Like the schools before it, OHS had little choice but to comply when a bullying anti-Christian organization fixed its sights on the Oneida Special School District. To continue pregame prayers would have been to fight a battle that the school could not win. The school district is strapped for cash; it can hardly afford a legal battle — especially one it is absolutely certain to lose. That’s why organizations such as the Wisconsin-based Freedom From Religion Foundation target small schools in the first place.
It is not fair to blame OSSD Director of Schools Ann Sexton or OHS Principal Kevin Byrd for the decision to stop pregame prayers. The legal precedent has long been settled by the courts.

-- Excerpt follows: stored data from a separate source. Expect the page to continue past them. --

(* Let $P=\{p_1,\dots,p_n\}$ be weighted points in $\mathbb{R}^d$ with total weight $1$, let $S=\{s_1,\dots,s_m\}$ be $d$-dimensional simplices in $\mathbb{R}^d$ of total volume $1$ with longest edge length $\Delta$, let $\delta>0$, and let $Q$ be the set of cells produced by the subdivision in the context. Then $|Q|=O\!\left(\frac{5^d\,d\,d^{d/2}\,nm}{\delta^d}\log\frac{(nm)^{1/d}\Delta}{\delta}\right)$.
   Context: Subdivision: overlay a uniform grid of cubes of side $\Delta$ and keep the cells intersected by some simplex of $S$. Repeatedly subdivide each cell into $2^d$ equal subcubes until, for every point of $P$, the ratio of the Euclidean distances to the furthest and closest point of the cell is at most $1+\delta$, or until the cell lies wholly within distance $\delta/(nm)^{1/d}$ of some point of $P$. $Q$ is the set of resulting cells. *)

theory Defs
  imports "HOL-Probability.Probability"
begin

text \<open>Explicit d-dimensional Euclidean space: points are extensional functions
  on the index set {..<d}.\<close>

definition RR :: "nat \<Rightarrow> (nat \<Rightarrow> real) set" where
  "RR d = PiE {..<d} (\<lambda>_. UNIV)"

definition edist :: "nat \<Rightarrow> (nat \<Rightarrow> real) \<Rightarrow> (nat \<Rightarrow> real) \<Rightarrow> real" where
  "edist d x y = sqrt (\<Sum>i<d. (x i - y i)^2)"

definition leb :: "nat \<Rightarrow> (nat \<Rightarrow> real) measure" where
  "leb d = PiM {..<d} (\<lambda>_. lborel)"

definition dcube :: "nat \<Rightarrow> (nat \<Rightarrow> real) \<Rightarrow> real \<Rightarrow> (nat \<Rightarrow> real) set" where
  "dcube d a s = PiE {..<d} (\<lambda>i. {a i .. a i + s})"

definition dsimplex :: "nat \<Rightarrow> (nat \<Rightarrow> nat \<Rightarrow> real) \<Rightarrow> (nat \<Rightarrow> real) set" where
  "dsimplex d v = {x. x \<in> RR d \<and> (\<exists>l. (\<forall>j\<le>d. 0 \<le> l j) \<and> (\<Sum>j\<le>d. l j) = 1
      \<and> (\<forall>i<d. x i = (\<Sum>j\<le>d. l j * v j i)))}"

definition aff_indep :: "nat \<Rightarrow> (nat \<Rightarrow> nat \<Rightarrow> real) \<Rightarrow> bool" where
  "aff_indep d v \<longleftrightarrow> (\<forall>c. (\<forall>i<d. (\<Sum>j\<in>{1..d}. c j * (v j i - v 0 i)) = 0)
      \<longrightarrow> (\<forall>j\<in>{1..d}. c j = 0))"

text \<open>Stopping criterion for a cell (a, s): for every point p_k, the ratio of the
  distances to the furthest and closest point of the cell is at most 1+delta
  (written multiplicatively; a closest distance 0 means ratio infinity),
  or the cell lies wholly within distance delta/(nm)^(1/d) of some point.\<close>
definition stop_cell :: "nat \<Rightarrow> real \<Rightarrow> nat \<Rightarrow> nat \<Rightarrow> (nat \<Rightarrow> nat \<Rightarrow> real)
    \<Rightarrow> (nat \<Rightarrow> real) \<times> real \<Rightarrow> bool" where
  "stop_cell d \<delta> n m p c \<longleftrightarrow>
     (\<forall>k<n. (SUP x\<in>dcube d (fst c) (snd c). edist d (p k) x)
              \<le> (1 + \<delta>) * (INF x\<in>dcube d (fst c) (snd c). edist d (p k) x))
   \<or> (\<exists>k<n. \<forall>x\<in>dcube d (fst c) (snd c).
              edist d (p k) x \<le> \<delta> / (real (n * m)) powr (1 / real d))"

inductive reached :: "nat \<Rightarrow> real \<Rightarrow> real \<Rightarrow> nat \<Rightarrow> nat \<Rightarrow> (nat \<Rightarrow> nat \<Rightarrow> real)
    \<Rightarrow> (nat \<Rightarrow> nat \<Rightarrow> nat \<Rightarrow> real) \<Rightarrow> (nat \<Rightarrow> real) \<times> real \<Rightarrow> bool"
  for d \<Delta> \<delta> n m p V where
  init: "a \<in> RR d \<Longrightarrow> (\<forall>i<d. \<exists>z::int. a i = of_int z * \<Delta>)
     \<Longrightarrow> (\<exists>k<m. dcube d a \<Delta> \<inter> dsimplex d (V k) \<noteq> {})
     \<Longrightarrow> reached d \<Delta> \<delta> n m p V (a, \<Delta>)"
| sub: "reached d \<Delta> \<delta> n m p V (a, s) \<Longrightarrow> \<not> stop_cell d \<delta> n m p (a, s)
     \<Longrightarrow> b \<in> RR d \<Longrightarrow> (\<forall>i<d. b i = a i \<or> b i = a i + s / 2)
     \<Longrightarrow> reached d \<Delta> \<delta> n m p V (b, s / 2)"

definition cells_Q :: "nat \<Rightarrow> real \<Rightarrow> real \<Rightarrow> nat \<Rightarrow> nat \<Rightarrow> (nat \<Rightarrow> nat \<Rightarrow> real)
    \<Rightarrow> (nat \<Rightarrow> nat \<Rightarrow> nat \<Rightarrow> real) \<Rightarrow> ((nat \<Rightarrow> real) \<times> real) set" where
  "cells_Q d \<Delta> \<delta> n m p V = {c. reached d \<Delta> \<delta> n m p V c \<and> stop_cell d \<delta> n m p c}"

end

theory Submission
  imports Defs
begin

The very part of the Bill of Rights that protects Americans’ freedom to worship is now also used to limit where or how we worship. You won’t find the words “separation of church and state” in the Constitution of the United States, but it is for all intent and purpose the law of the land due to the courts’ decisions, and that isn’t going to change. Whether the courts have correctly interpreted the Constitution is another argument for another day. For now, it is what it is. And schools like Oneida that come under the scrutiny of the select minority who seek to eliminate any mention of God from the public sector have no choice but to comply.
But that doesn’t mean the spirit of the law can diminish the spirit of Christianity. As we saw Friday night at Oneida High School, it cannot.
As silence descended across Dr. M.E. Thompson Field, the sounds of the cheerleaders from both schools reciting the prayer could easily be heard. In the stands, fans joined them — first one, then a few, spreading throughout the bleachers by the game’s end. After the game, OHS head coach Tony Lambert ended his radio interview the way he ends it every week — by “thanking my Lord and Savior for saving my soul.”
Since football began at Oneida in 1930, fans in attendance have heard a prayer, usually led by a student but sometimes by a local minister, delivered over the P.A. before the start of the game. On Friday night, and presumably for the other three Friday nights football will be played at Oneida this season, and beyond, everyone heard a prayer, led by a group of students who would not take no for an answer. Either way, those who wanted to pray, prayed. Those who didn’t did exactly what they’ve done since 1930: respected the beliefs of those around them through their silence.
Because a group of people were willing to take a stand, the spirit of Christianity was not diminished. If anything, it was emboldened. And the bullying efforts of the select minority were rendered moot and pointless.